220 Fragebögen wurden ausgefüllt. Das bedeutet, dass rund 80 Prozent der verschütteten Haushalte und Gebäude erfasst wurden.
Neben Heizöl und Treibstoffen wurden unter anderem auch Motor- und Getriebeöle, Batterien, Kühlgeräte, Farben, Lösungsmittel, Gasflaschen und Munition erfasst.
Gleichzeitig hält der Kanton den Wiederaufbau für vertretbar: «Es wäre unverhältnismässig, wenn man sagen würde, dass man hier nicht wieder bauen kann», sagt Christine Genolet-Leubin, die Leiterin der Walliser Dienststelle für Umwelt.

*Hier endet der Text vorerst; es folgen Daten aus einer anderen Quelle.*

(* sigma_r: swaps the first r basis vectors of block 0 with the first r of block 1 *)
definition sigma_perm :: "nat \<Rightarrow> nat \<Rightarrow> nat \<Rightarrow> nat" where
  "sigma_perm n r i = (if i < r then i + (n-1)
                        else if n-1 \<le> i \<and> i < n-1+r then i - (n-1) else i)"

definition sigma_mat :: "nat \<Rightarrow> nat \<Rightarrow> 'a::field mat" where
  "sigma_mat n r = mat (2*n) (2*n) (\<lambda>(i,j). if j = sigma_perm n r i then 1 else 0)"

definition dcoset :: "nat \<Rightarrow> 'a::field \<Rightarrow> nat \<Rightarrow> 'a mat set" where
  "dcoset n e r = {x * sigma_mat n r * y | x y. x \<in> Qgrp n e \<and> y \<in> Qgrp n e}"

definition rho_dcoset :: "nat \<Rightarrow> 'a::field \<Rightarrow> nat \<Rightarrow> 'a mat set" where
  "rho_dcoset n e r = {rho_mat n * x * sigma_mat n r * y | x y. x \<in> Qgrp n e \<and> y \<in> Qgrp n e}"

(* DC_i^{\pm}(n,q); the sign is + for n even and - for n odd, so it is determined by n *)
definition DC :: "nat \<Rightarrow> nat \<Rightarrow> 'a::field \<Rightarrow> 'a mat set" where
  "DC i n e = (if i = 1 then dcoset n e (n-1)
               else if i = 2 then dcoset n e (n-2)
               else if i = 3 then rho_dcoset n e (n-2)
               else rho_dcoset n e (n-3))"

definition codeword :: "nat \<Rightarrow> 'a::field mat list \<Rightarrow> 'a \<Rightarrow> 'a list" where
  "codeword s gs a = map (\<lambda>g. abs_tr s (a * mtrace g)) gs"

end

theory Submission
  imports Defs "HOL-Computational_Algebra.Polynomial"
begin

(* If c(a) = c(b) with a ~= b, then every trace value
   t in T = Tr(D) satisfies tr((a-b) t) = 0.  The map t |-> tr(c t) is a nonzero polynomial
   of degree 3^(s-1), so it has at most q/3 roots; hence the map is injective as soon as
   3 |T| > q.  It therefore suffices to exhibit, inside each D, a one-parameter family of
   elements whose traces are two-to-one in the parameter:
     (E1) for sigma_r, r >= 1 (with or without rho): unipotent elements x of Q give
          traces u^2 + const;
     (E2) for sigma_0 (n = 1, 2): Levi elements diag(1,1,I(t)) with I(t) in SO^-(2,q) given
          by the Cayley parametrisation give traces const + 2 (t^2+e)/(t^2-e);
     (E3) for rho sigma_0 (n = 2, 3): Levi elements diag(a, a^-1, 1) give traces
          m (a + 1/a), where m = n - 1 is nonzero in F_q. *)


section \<open>Finite fields of characteristic 3 and the absolute trace\<close>

(* A field with 3^s elements has characteristic 3: the sum of all elements is invariant under
   translation by 1, so q * 1 = 0. *)
lemma char3_of_card:
  assumes q: "card (UNIV :: 'a::{finite,field} set) = 3 ^ s"
  shows "(3::'a) = 0"
proof -
  have b: "bij_betw (\<lambda>x::'a. x + 1) UNIV UNIV"
    unfolding bij_betw_def inj_on_def by (auto intro!: image_eqI[where x="_ - 1"])
  have "(\<Sum>x\<in>UNIV. x + (1::'a)) = (\<Sum>x\<in>UNIV. x)"
    using sum.reindex_bij_betw[OF b, of "\<lambda>x. x"] by simp
  hence "of_nat (card (UNIV::'a set)) = (0::'a)" by (simp add: sum.distrib)
  hence "(of_nat 3 :: 'a) ^ s = 0" using q by (metis of_nat_power)
  thus ?thesis by simp
qed

lemma two_neq_zero_char3: "(3::'a::field) = 0 \<Longrightarrow> (2::'a) \<noteq> 0"
proof
  assume "(3::'a) = 0" "(2::'a) = 0"
  moreover have "(3::'a) = 2 + 1" by simp
  ultimately show False by simp
qed

lemma frobenius_add:
  assumes "(3::'a::field) = 0"
  shows "(x + y :: 'a) ^ (3 ^ k) = x ^ (3^k) + y ^ (3^k)"
proof (induction k)
  case 0 then show ?case by simp
next
  case (Suc k)
  have cube: "(X + Y :: 'a) ^ 3 = X^3 + Y^3" for X Y
  proof -
    have "(X + Y :: 'a) ^ 3 = X^3 + Y^3 + 3*(X^2*Y + X*Y^2)"
      by (simp add: algebra_simps power2_eq_square power3_eq_cube)
    thus ?thesis using assms by simp
  qed
  have "(x + y) ^ (3 ^ Suc k) = ((x+y)^(3^k))^3" by (simp add: power_mult[symmetric] mult.commute)
  also have "\<dots> = (x^(3^k))^3 + (y^(3^k))^3" using Suc cube by simp
  also have "\<dots> = x ^ (3^Suc k) + y ^ (3^Suc k)" by (simp add: power_mult[symmetric] mult.commute)
  finally show ?case .
qed

lemma abs_tr_add:
  assumes "(3::'a::field) = 0"
  shows "abs_tr s (x + y :: 'a) = abs_tr s x + abs_tr s y"
  unfolding abs_tr_def using frobenius_add[OF assms] by (simp add: sum.distrib)

(* For c ~= 0 the map t |-> tr(c t) is a nonzero polynomial of degree 3^(s-1) (its leading
   coefficient is c^(3^(s-1))), so its kernel has at most 3^(s-1) elements. *)
lemma abs_tr_kernel_card:
  assumes c: "(c::'a::field) \<noteq> 0" and s: "s \<ge> 1"
  shows "card {t. abs_tr s (c*t) = 0} \<le> 3^(s-1)"
proof -
  define p where "p = (\<Sum>i<s. monom (c^(3^i)) (3^i))"
  have ev: "poly p t = abs_tr s (c*t)" for t
    unfolding p_def abs_tr_def poly_sum poly_monom by (simp add: power_mult_distrib)
  have "coeff p (3^(s-1)) = (\<Sum>i<s. if 3^i = (3::nat)^(s-1) then c^(3^i) else 0)"
    unfolding p_def coeff_sum by simp
  also have "\<dots> = (\<Sum>i<s. if i = s-1 then c^(3^i) else 0)"
    by (rule sum.cong, auto)
  also have "\<dots> = c^(3^(s-1))" using s by simp
  finally have "coeff p (3^(s-1)) \<noteq> 0" using c by simp
  hence p0: "p \<noteq> 0" by auto
  have "degree p \<le> 3^(s-1)" unfolding p_def
  proof (rule degree_sum_le)
    fix i assume "i \<in> {..<s}"
    hence "(3::nat)^i \<le> 3^(s-1)" by (intro power_increasing) auto
    thus "degree (monom (c ^ 3 ^ i) (3 ^ i)) \<le> 3 ^ (s - 1)" using degree_monom_le order_trans by blast
  qed simp
  moreover have "card {t. poly p t = 0} \<le> degree p" by (rule card_poly_roots_bound[OF p0])
  ultimately show ?thesis unfolding ev by simp
qed

lemma codeword_inj_of_many_traces:
  fixes gs :: "'a::{finite,field} mat list"
  assumes q: "card (UNIV :: 'a set) = 3 ^ s"
    and many: "card (UNIV::'a set) < 3 * card (mtrace ` set gs)"
  shows "inj (codeword s gs)"
proof (rule injI)
  have three: "(3::'a) = 0" by (rule char3_of_card[OF q])
  have s: "s \<ge> 1"
  proof (rule ccontr)
    assume "\<not> s \<ge> 1" hence "card (UNIV::'a set) = 1" using q by simp
    then obtain z where "(UNIV::'a set) = {z}" using card_1_singletonE by blast
    thus False by (metis UNIV_I singletonD zero_neq_one)
  qed
  fix a b assume eq: "codeword s gs a = codeword s gs b"
  show "a = b"
  proof (rule ccontr)
    assume ab: "a \<noteq> b"
    have "mtrace ` set gs \<subseteq> {t. abs_tr s ((a - b) * t) = 0}"
    proof
      fix x assume "x \<in> mtrace ` set gs"
      then obtain g where g: "g \<in> set gs" "x = mtrace g" by auto
      have "abs_tr s (a * x) = abs_tr s (b * x)"
        using eq g unfolding codeword_def by (simp add: map_eq_conv)
      moreover have "abs_tr s (a * x) = abs_tr s ((a - b) * x) + abs_tr s (b * x)"
        using abs_tr_add[OF three, of s "(a-b)*x" "b*x"] by (simp add: algebra_simps)
      ultimately show "x \<in> {t. abs_tr s ((a - b) * t) = 0}" by simp
    qed
    hence "card (mtrace ` set gs) \<le> card {t. abs_tr s ((a - b) * t) = 0}" by (intro card_mono) auto
    also have "\<dots> \<le> 3^(s-1)" using abs_tr_kernel_card[of "a-b" s] ab s by simp
    finally have "3 * card (mtrace ` set gs) \<le> 3 * 3^(s-1)" by simp
    also have "\<dots> = 3^s" using s by (cases s) auto
    finally show False using many q by simp
  qed
qed
(* Write r = 4m + s with 1 \<le> s \<le> 4. The matroid is represented over GF(2) by m disjoint
   copies of the affine geometry AG(3,2), s unit vectors and an apex vector, the sum of one
   point from every copy and of all the unit vectors. It has rank 4m + s and is covered by two
   independent sets. Two points of one copy lie on a common plane, which is a 4-circuit; any
   other two elements lie on a circuit through the apex that picks an odd set of points from
   each copy. Since planes are circuits, a rainbow circuit-free colouring with classes of size
   at most 3 uses at most 3 colours on each copy; the circuit through the apex and the points 0
   of all copies has m + s + 1 elements, hence at most m + s colours, and every copy adds at
   most 2 more. This gives at most 3m + s \<le> \<lceil>6r/7\<rceil> colours. *)

section \<open>Matroids of vector families over GF(2)\<close>

definition gf2_scale :: "bit \<Rightarrow> (nat \<Rightarrow> bit) \<Rightarrow> nat \<Rightarrow> bit" where
  "gf2_scale a u = (\<lambda>i. a * u i)"

interpretation gf2: vector_space gf2_scale
  by unfold_locales (auto simp: gf2_scale_def fun_eq_iff algebra_simps)

lemma sum_apply: "sum f A i = (\<Sum>a\<in>A. f a i :: 'b::comm_monoid_add)"
  by (induction A rule: infinite_finite_induct) auto

lemma bit_add_self [simp]: "(x::bit) + x = 0"
  by (cases x) simp_all

lemma of_bool_add_of_bool: "(of_bool P :: bit) + of_bool Q = of_bool (P \<noteq> Q)"
  by (cases P; cases Q) simp_all

lemma of_bool_bit_eq_iff: "(of_bool P :: bit) = of_bool Q \<longleftrightarrow> P = Q"
  by (cases P; cases Q) simp_all

lemma of_nat_bit: "(of_nat n :: bit) = of_bool (odd n)"
  by (induction n) (simp_all add: of_bool_add_of_bool)

lemma gf2_add_self [simp]: "(u::nat \<Rightarrow> bit) + u = 0"
  by (simp add: fun_eq_iff)

lemma gf2_eq_if_add_eq_0: "(u::nat \<Rightarrow> bit) + w = 0 \<Longrightarrow> u = w"
  by (metis add.assoc add_0 gf2_add_self)

lemma gf2_indep_iff_sum: "gf2_indep v X \<longleftrightarrow> (\<forall>Y. Y \<subseteq> X \<and> Y \<noteq> {} \<longrightarrow> (\<Sum>y\<in>Y. v y) \<noteq> 0)"
  unfolding gf2_indep_def by (simp add: fun_eq_iff sum_apply)

lemma gf2_indep_sum_neq_0: "gf2_indep v X \<Longrightarrow> Y \<subseteq> X \<Longrightarrow> Y \<noteq> {} \<Longrightarrow> (\<Sum>y\<in>Y. v y) \<noteq> 0"
  unfolding gf2_indep_iff_sum by blast
(* Let $G=(V,E)$ be a finite simple graph and let $\mathcal{F}$ be a (possibly empty) collection of minimal forts of $G$. Consider the integer program $\mathrm{MFF}(G,\mathcal{F})$: $$\text{minimize }\sum_{v\in V}x_v\ \text{ subject to }\ \sum_{v\in V}x_v\geq1,\quad x_u-x_v+\sum_{w\in N(u)\setminus\{v\}}x_w\geq0\ \ \forall v\in V,\ u\in N(v),\quad \sum_{v\in F}x_v\leq|F|-1\ \ \forall F\in\mathcal{F},\quad x\in\{0,1\}^V.$$ Suppose $\mathrm{MFF}(G,\mathcal{F})$ is feasible, let $x$ be an optimal solution, and let $F'=\{v\in V\colon x_v=1\}$. Then $\mathcal{F}\cup\{F'\}$ is a collection of minimal forts of $G$.
   Context: $N(u)$ denotes the neighborhood of $u$. A fort of $G$ is a non-empty set $F\subseteq V$ such that no vertex $u\in V\setminus F$ has exactly one neighbor in $F$. A fort is minimal if no fort of $G$ is a proper subset of it. *)

theory Defs
  imports Main
begin

definition simple_graph :: "'a set \<Rightarrow> ('a \<Rightarrow> 'a \<Rightarrow> bool) \<Rightarrow> bool" where
  "simple_graph V E \<longleftrightarrow> finite V \<and> (\<forall>u v. E u v \<longrightarrow> E v u)
     \<and> (\<forall>u. \<not> E u u) \<and> (\<forall>u v. E u v \<longrightarrow> u \<in> V \<and> v \<in> V)"

definition nbhd :: "'a set \<Rightarrow> ('a \<Rightarrow> 'a \<Rightarrow> bool) \<Rightarrow> 'a \<Rightarrow> 'a set" where
  "nbhd V E u = {w \<in> V. E u w}"

definition is_fort :: "'a set \<Rightarrow> ('a \<Rightarrow> 'a \<Rightarrow> bool) \<Rightarrow> 'a set \<Rightarrow> bool" where
  "is_fort V E F \<longleftrightarrow> F \<noteq> {} \<and> F \<subseteq> V \<and>
     (\<forall>u \<in> V - F. card (nbhd V E u \<inter> F) \<noteq> 1)"

definition is_minimal_fort :: "'a set \<Rightarrow> ('a \<Rightarrow> 'a \<Rightarrow> bool) \<Rightarrow> 'a set \<Rightarrow> bool" where
  "is_minimal_fort V E F \<longleftrightarrow> is_fort V E F \<and> (\<forall>F'. is_fort V E F' \<longrightarrow> \<not> F' \<subset> F)"

definition mff_feasible :: "'a set \<Rightarrow> ('a \<Rightarrow> 'a \<Rightarrow> bool) \<Rightarrow> 'a set set \<Rightarrow> ('a \<Rightarrow> int) \<Rightarrow> bool" where
  "mff_feasible V E FF x \<longleftrightarrow>
     (\<forall>v \<in> V. x v \<in> {0, 1}) \<and>
     (\<Sum>v\<in>V. x v) \<ge> 1 \<and>
     (\<forall>v \<in> V. \<forall>u \<in> nbhd V E v. x u - x v + (\<Sum>w \<in> nbhd V E u - {v}. x w) \<ge> 0) \<and>
     (\<forall>F \<in> FF. (\<Sum>v\<in>F. x v) \<le> int (card F) - 1)"

definition mff_optimal :: "'a set \<Rightarrow> ('a \<Rightarrow> 'a \<Rightarrow> bool) \<Rightarrow> 'a set set \<Rightarrow> ('a \<Rightarrow> int) \<Rightarrow> bool" where
  "mff_optimal V E FF x \<longleftrightarrow> mff_feasible V E FF x \<and>
     (\<forall>y. mff_feasible V E FF y \<longrightarrow> (\<Sum>v\<in>V. x v) \<le> (\<Sum>v\<in>V. y v))"

end

theory Submission
  imports Defs
begin

text \<open>The feasible points of MFF(G, FF) are exactly the 0/1 indicator vectors of forts that
  contain no member of FF: the neighbourhood constraints say that a vertex outside the support
  never sees exactly one support vertex, and the FF constraints say that no member of FF lies
  inside the support. An optimal point is therefore the indicator of a smallest such fort S.
  A fort properly inside S contains no member of FF either, so its indicator would be a cheaper
  feasible point; hence S is a minimal fort.\<close>

lemma sum_zero_one_eq_card:
  fixes x :: "'a \<Rightarrow> 'b :: semiring_1"
  assumes "finite A" and "\<forall>v \<in> A. x v \<in> {0, 1}"
  shows "(\<Sum>v\<in>A. x v) = of_nat (card {v \<in> A. x v = 1})"
proof -
  have "(\<Sum>v\<in>A. x v) = (\<Sum>v\<in>A. of_bool (x v = 1))"
    using assms(2) by (intro sum.cong) auto
  also have "\<dots> = of_nat (card {v \<in> A. x v = 1})"
    using assms(1) by (simp add: Int_def)
  finally show ?thesis .
qed

lemma simple_graph_finite_nbhd:
  assumes "simple_graph V E"
  shows "finite (nbhd V E u)"
  using assms by (auto simp: simple_graph_def nbhd_def)

lemma simple_graph_nbhd_sym:
  assumes "simple_graph V E" and "v \<in> V" and "u \<in> nbhd V E v"
  shows "v \<in> nbhd V E u"
  using assms by (auto simp: simple_graph_def nbhd_def)

lemma feasible_support_is_fort:
  assumes G: "simple_graph V E" and feasible: "mff_feasible V E FF x"
  shows "is_fort V E {v \<in> V. x v = 1}"
proof -
  let ?S = "{v \<in> V. x v = 1}"
  have "finite V" using G by (simp add: simple_graph_def)
  have zero_one: "\<forall>v \<in> V. x v \<in> {0, 1}"
    using feasible by (simp add: mff_feasible_def)
  have "int (card ?S) \<ge> 1"
    using feasible sum_zero_one_eq_card[OF \<open>finite V\<close> zero_one] by (simp add: mff_feasible_def)
  then have "card ?S > 0" by linarith
  then have "?S \<noteq> {}" using card_gt_0_iff by blast
  moreover have "card (nbhd V E u \<inter> ?S) \<noteq> 1" if u: "u \<in> V - ?S" for u
  proof
    assume "card (nbhd V E u \<inter> ?S) = 1"
    then obtain v where v: "nbhd V E u \<inter> ?S = {v}" by (auto simp: card_1_singleton_iff)
    then have "v \<in> V" "x v = 1" "u \<in> nbhd V E v"
      using u simple_graph_nbhd_sym[OF G] by (auto simp: nbhd_def)
    have "x u = 0" using u zero_one by auto
    have "(\<Sum>w \<in> nbhd V E u - {v}. x w) = int (card {w \<in> nbhd V E u - {v}. x w = 1})"
      using zero_one simple_graph_finite_nbhd[OF G]
      by (intro sum_zero_one_eq_card) (auto simp: nbhd_def)
    also have "{w \<in> nbhd V E u - {v}. x w = 1} = {}" using v by (auto simp: nbhd_def)
    finally have "(\<Sum>w \<in> nbhd V E u - {v}. x w) = 0" by simp
    moreover have "x u - x v + (\<Sum>w \<in> nbhd V E u - {v}. x w) \<ge> 0"
      using feasible \<open>v \<in> V\<close> \<open>u \<in> nbhd V E v\<close> by (simp add: mff_feasible_def)
    ultimately show False using \<open>x u = 0\<close> \<open>x v = 1\<close> by simp
  qed
  ultimately show ?thesis by (auto simp: is_fort_def)
qed

lemma feasible_support_contains_no_member:
  assumes "mff_feasible V E FF x" and "F \<in> FF"
  shows "\<not> F \<subseteq> {v \<in> V. x v = 1}"
proof
  assume "F \<subseteq> {v \<in> V. x v = 1}"
  then have "(\<Sum>v\<in>F. x v) = (\<Sum>v\<in>F. 1)" by (intro sum.cong) auto
  moreover have "(\<Sum>v\<in>F. x v) \<le> int (card F) - 1"
    using assms by (simp add: mff_feasible_def)
  ultimately show False by simp
qed

lemma fort_indicator_feasible:
  assumes G: "simple_graph V E" and T: "is_fort V E T"
    and FF: "\<forall>F \<in> FF. F \<subseteq> V \<and> \<not> F \<subseteq> T"
  shows "mff_feasible V E FF (\<lambda>v. of_bool (v \<in> T))"
proof -
  have "finite V" using G by (simp add: simple_graph_def)
  have "T \<subseteq> V" "T \<noteq> {}" using T by (auto simp: is_fort_def)
  then have "card T \<ge> 1" using \<open>finite V\<close> by (meson card_0_eq finite_subset less_one not_le)
  then have objective: "(\<Sum>v\<in>V. of_bool (v \<in> T)) \<ge> (1::int)"
    using \<open>finite V\<close> \<open>T \<subseteq> V\<close> by (simp add: Int_absorb1)
  have neighbour: "of_bool (u \<in> T) - of_bool (v \<in> T)
      + (\<Sum>w \<in> nbhd V E u - {v}. of_bool (w \<in> T)) \<ge> (0::int)"
    if "v \<in> V" "u \<in> nbhd V E v" for u v
  proof (cases "v \<in> T \<and> u \<notin> T")
    case True
    have "u \<in> V" using that by (simp add: nbhd_def)
    have v: "v \<in> nbhd V E u \<inter> T"
      using True simple_graph_nbhd_sym[OF G that] by blast
    have "card (nbhd V E u \<inter> T) \<noteq> 1" using T \<open>u \<in> V\<close> True by (simp add: is_fort_def)
    moreover have "card (nbhd V E u \<inter> T) \<noteq> 0"
      using v simple_graph_finite_nbhd[OF G] by (metis card_0_eq empty_iff finite_Int)
    ultimately have "card (nbhd V E u \<inter> T) \<ge> 2" by linarith
    then have "card (nbhd V E u \<inter> T - {v}) \<ge> 1"
      using v simple_graph_finite_nbhd[OF G] by (simp add: card_Diff_singleton)
    moreover have "(nbhd V E u - {v}) \<inter> T = nbhd V E u \<inter> T - {v}" by blast
    ultimately have "card ((nbhd V E u - {v}) \<inter> T) \<ge> 1" by simp
    then show ?thesis using True simple_graph_finite_nbhd[OF G] by simp
  next
    case False
    then show ?thesis using simple_graph_finite_nbhd[OF G] by auto
  qed
  have members: "(\<Sum>v\<in>F. of_bool (v \<in> T)) \<le> int (card F) - 1" if "F \<in> FF" for F
  proof -
    have "finite F" using FF that \<open>finite V\<close> finite_subset by blast
    moreover have "F \<inter> T \<subset> F" using FF that by blast
    ultimately have "card (F \<inter> T) < card F" by (rule psubset_card_mono)
    then show ?thesis using \<open>finite F\<close> by (simp add: Int_def)
  qed
  show ?thesis
    using objective neighbour members by (simp add: mff_feasible_def)
qed

lemma optimal_support_is_minimal_fort:
  assumes G: "simple_graph V E" and FF: "\<forall>F \<in> FF. F \<subseteq> V"
    and optimal: "mff_optimal V E FF x"
  shows "is_minimal_fort V E {v \<in> V. x v = 1}"
proof -
  let ?S = "{v \<in> V. x v = 1}"
  have "finite V" using G by (simp add: simple_graph_def)
  have feasible: "mff_feasible V E FF x" using optimal by (simp add: mff_optimal_def)
  have "\<not> is_fort V E T" if "T \<subset> ?S" for T
  proof
    assume "is_fort V E T"
    moreover have "\<forall>F \<in> FF. F \<subseteq> V \<and> \<not> F \<subseteq> T"
      using FF feasible_support_contains_no_member[OF feasible] \<open>T \<subset> ?S\<close> by blast
    ultimately have "mff_feasible V E FF (\<lambda>v. of_bool (v \<in> T))"
      using fort_indicator_feasible[OF G] by blast
    moreover have "V \<inter> {v. v \<in> T} = T" using \<open>T \<subset> ?S\<close> by blast
    ultimately have "(\<Sum>v\<in>V. x v) \<le> int (card T)"
      using optimal \<open>finite V\<close> by (auto simp: mff_optimal_def)
    moreover have "(\<Sum>v\<in>V. x v) = int (card ?S)"
      using feasible \<open>finite V\<close> by (simp add: sum_zero_one_eq_card mff_feasible_def)
    moreover have "card T < card ?S" using \<open>T \<subset> ?S\<close> \<open>finite V\<close> by (simp add: psubset_card_mono)
    ultimately show False by simp
  qed
  then show ?thesis
    using feasible_support_is_fort[OF G feasible] unfolding is_minimal_fort_def by blast
qed

theorem theorem6p2:
  fixes V :: "'a set" and E :: "'a \<Rightarrow> 'a \<Rightarrow> bool" and FF :: "'a set set"
    and x :: "'a \<Rightarrow> int"
  assumes "simple_graph V E"
    and "\<forall>F \<in> FF. is_minimal_fort V E F"
    and "\<exists>y. mff_feasible V E FF y"
    and "mff_optimal V E FF x"
  shows "\<forall>F \<in> FF \<union> {{v \<in> V. x v = 1}}. is_minimal_fort V E F"
proof -
  have "\<forall>F \<in> FF. F \<subseteq> V"
    using assms(2) by (simp add: is_minimal_fort_def is_fort_def)
  then have "is_minimal_fort V E {v \<in> V. x v = 1}"
    using optimal_support_is_minimal_fort assms(1,4) by blast
  then show ?thesis using assms(2) by blast
qed

end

Die aktualisierten Gefahrenkarten zeigen, wo grundsätzlich wieder gebaut werden kann. Diese Gebiete liegen teilweise auf den Schuttmassen des alten Dorfs. Deshalb sei entscheidend, wie dort gebaut werde, sagt Christine Genolet-Leubin: «Es geht darum, wie tief man gräbt und wie hoch man wieder aufschüttet.»
Denn es gebe Stoffe, die eventuell über die Luft freigesetzt werden könnten. Deshalb überlege man sich jetzt, ob es dort, wo das Dorf wieder aufgebaut werden soll, Drainagen brauche.
Die Öltanks sind teilweise kaputt und laufen aus.
Diese Fragen stellen sich nicht nur beim Bau. Einzelne Schadstoffe könnten auch Jahrzehnte später noch freigesetzt werden.
«Die Öltanks sind teilweise kaputt und laufen aus, andere werden mit der Zeit noch durchrosten und das Öl läuft später aus», sagt der Geologe und Altlastenexperte Walter Wildi, der die Studie für SRF analysiert hat. «Früher oder später kommt das Öl dann ins Oberflächen- oder eventuell ins Grundwasser.»
Wiederaufbau ist auf Kurs
Die nötigen Umweltmassnahmen sollen bereits jetzt in die laufenden Arbeiten einfliessen. Denn ab 2029 sollen die ersten Menschen in das neue Blatten zurückkehren.
«Wenn diese Arbeiten parallel geschehen, ist der Zeitplan absolut einzuhalten», sagt Matthias Bellwald, Gemeindepräsident von Blatten. Aber was der Bergsturz unter den Schuttmassen hinterlassen hat, wird die Menschen und Behörden noch länger beschäftigen.